Collected data:
(* Let $(\Omega,\mu)$ be a measure space, $p\ge3$, and let $(u_k)$, $u$ be real-valued functions in $L^p(\Omega,\mu)$ such that $u_k\rightharpoonup u$ weakly and $u_k\rightharpoondown u$ in $L^p(\Omega,\mu)$. Then $$\liminf_{k\to\infty}\Big(\int_\Omega|u_k|^pd\mu-\int_\Omega|u|^pd\mu-\int_\Omega|u_k-u|^pd\mu\Big)\ge0.$$
   Context: $u_k\rightharpoondown u$ (Δ-convergence) in a Banach space $X$ means: for every $v\in X$, $\limsup_{k\to\infty}(\|u_k-u\|-\|u_k-v\|)\le0$. *)

theory Defs
  imports "HOL-Analysis.Analysis"
begin

definition memLp :: "'a measure \<Rightarrow> real \<Rightarrow> ('a \<Rightarrow> real) \<Rightarrow> bool" where
  "memLp M p f \<longleftrightarrow> f \<in> borel_measurable M \<and> integrable M (\<lambda>x. \<bar>f x\<bar> powr p)"

definition Lp_norm :: "'a measure \<Rightarrow> real \<Rightarrow> ('a \<Rightarrow> real) \<Rightarrow> real" where
  "Lp_norm M p f = (\<integral>x. \<bar>f x\<bar> powr p \<partial>M) powr (1 / p)"

definition Lp_dual :: "'a measure \<Rightarrow> real \<Rightarrow> (('a \<Rightarrow> real) \<Rightarrow> real) set" where
  "Lp_dual M p = {\<phi>.
     (\<forall>f g a b. memLp M p f \<longrightarrow> memLp M p g \<longrightarrow>
        \<phi> (\<lambda>x. a * f x + b * g x) = a * \<phi> f + b * \<phi> g) \<and>
     (\<exists>C. \<forall>f. memLp M p f \<longrightarrow> \<bar>\<phi> f\<bar> \<le> C * Lp_norm M p f)}"

definition Lp_weak_conv :: "'a measure \<Rightarrow> real \<Rightarrow> (nat \<Rightarrow> 'a \<Rightarrow> real) \<Rightarrow> ('a \<Rightarrow> real) \<Rightarrow> bool" where
  "Lp_weak_conv M p u U \<longleftrightarrow> (\<forall>\<phi>\<in>Lp_dual M p. (\<lambda>k. \<phi> (u k)) \<longlonglongrightarrow> \<phi> U)"

definition Lp_Delta_conv :: "'a measure \<Rightarrow> real \<Rightarrow> (nat \<Rightarrow> 'a \<Rightarrow> real) \<Rightarrow> ('a \<Rightarrow> real) \<Rightarrow> bool" where
  "Lp_Delta_conv M p u U \<longleftrightarrow> (\<forall>v. memLp M p v \<longrightarrow>
     limsup (\<lambda>k. ereal (Lp_norm M p (\<lambda>x. u k x - U x) - Lp_norm M p (\<lambda>x. u k x - v x))) \<le> 0)"

end

theory Submission
  imports Defs
begin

* **Description of the task**
Would you set down all of the entries again, word for word?

* **Task response**
(* Let $(\Omega,\mu)$ be a measure space, $p\ge3$, and let $(u_k)$, $u$ be real-valued functions in $L^p(\Omega,\mu)$ such that $u_k\rightharpoonup u$ weakly and $u_k\rightharpoondown u$ in $L^p(\Omega,\mu)$. Then $$\liminf_{k\to\infty}\Big(\int_\Omega|u_k|^pd\mu-\int_\Omega|u|^pd\mu-\int_\Omega|u_k-u|^pd\mu\Big)\ge0.$$
   Context: $u_k\rightharpoondown u$ (Δ-convergence) in a Banach space $X$ means: for every $v\in X$, $\limsup_{k\to\infty}(\|u_k-u\|-\|u_k-v\|)\le0$. *)

theory Defs
  imports "HOL-Analysis.Analysis"
begin

definition memLp :: "'a measure \<Rightarrow> real \<Rightarrow> ('a \<Rightarrow> real) \<Rightarrow> bool" where
  "memLp M p f \<longleftrightarrow> f \<in> borel_measurable M \<and> integrable M (\<lambda>x. \<bar>f x\<bar> powr p)"

definition Lp_norm :: "'a measure \<Rightarrow> real \<Rightarrow> ('a \<Rightarrow> real) \<Rightarrow> real" where
  "Lp_norm M p f = (\<integral>x. \<bar>f x\<bar> powr p \<partial>M) powr (1 / p)"

definition Lp_dual :: "'a measure \<Rightarrow> real \<Rightarrow> (('a \<Rightarrow> real) \<Rightarrow> real) set" where
  "Lp_dual M p = {\<phi>.
     (\<forall>f g a b. memLp M p f \<longrightarrow> memLp M p g \<longrightarrow>
        \<phi> (\<lambda>x. a * f x + b * g x) = a * \<phi> f + b * \<phi> g) \<and>
     (\<exists>C. \<forall>f. memLp M p f \<longrightarrow> \<bar>\<phi> f\<bar> \<le> C * Lp_norm M p f)}"

definition Lp_weak_conv :: "'a measure \<Rightarrow> real \<Rightarrow> (nat \<Rightarrow> 'a \<Rightarrow> real) \<Rightarrow> ('a \<Rightarrow> real) \<Rightarrow> bool" where
  "Lp_weak_conv M p u U \<longleftrightarrow> (\<forall>\<phi>\<in>Lp_dual M p. (\<lambda>k. \<phi> (u k)) \<longlonglongrightarrow> \<phi> U)"

definition Lp_Delta_conv :: "'a measure \<Rightarrow> real \<Rightarrow> (nat \<Rightarrow> 'a \<Rightarrow> real) \<Rightarrow> ('a \<Rightarrow> real) \<Rightarrow> bool" where
  "Lp_Delta_conv M p u U \<longleftrightarrow> (\<forall>v. memLp M p v \<longrightarrow>
     limsup (\<lambda>k. ereal (Lp_norm M p (\<lambda>x. u k x - U x) - Lp_norm M p (\<lambda>x. u k x - v x))) \<le> 0)"

end

theory Submission
  imports Defs
begin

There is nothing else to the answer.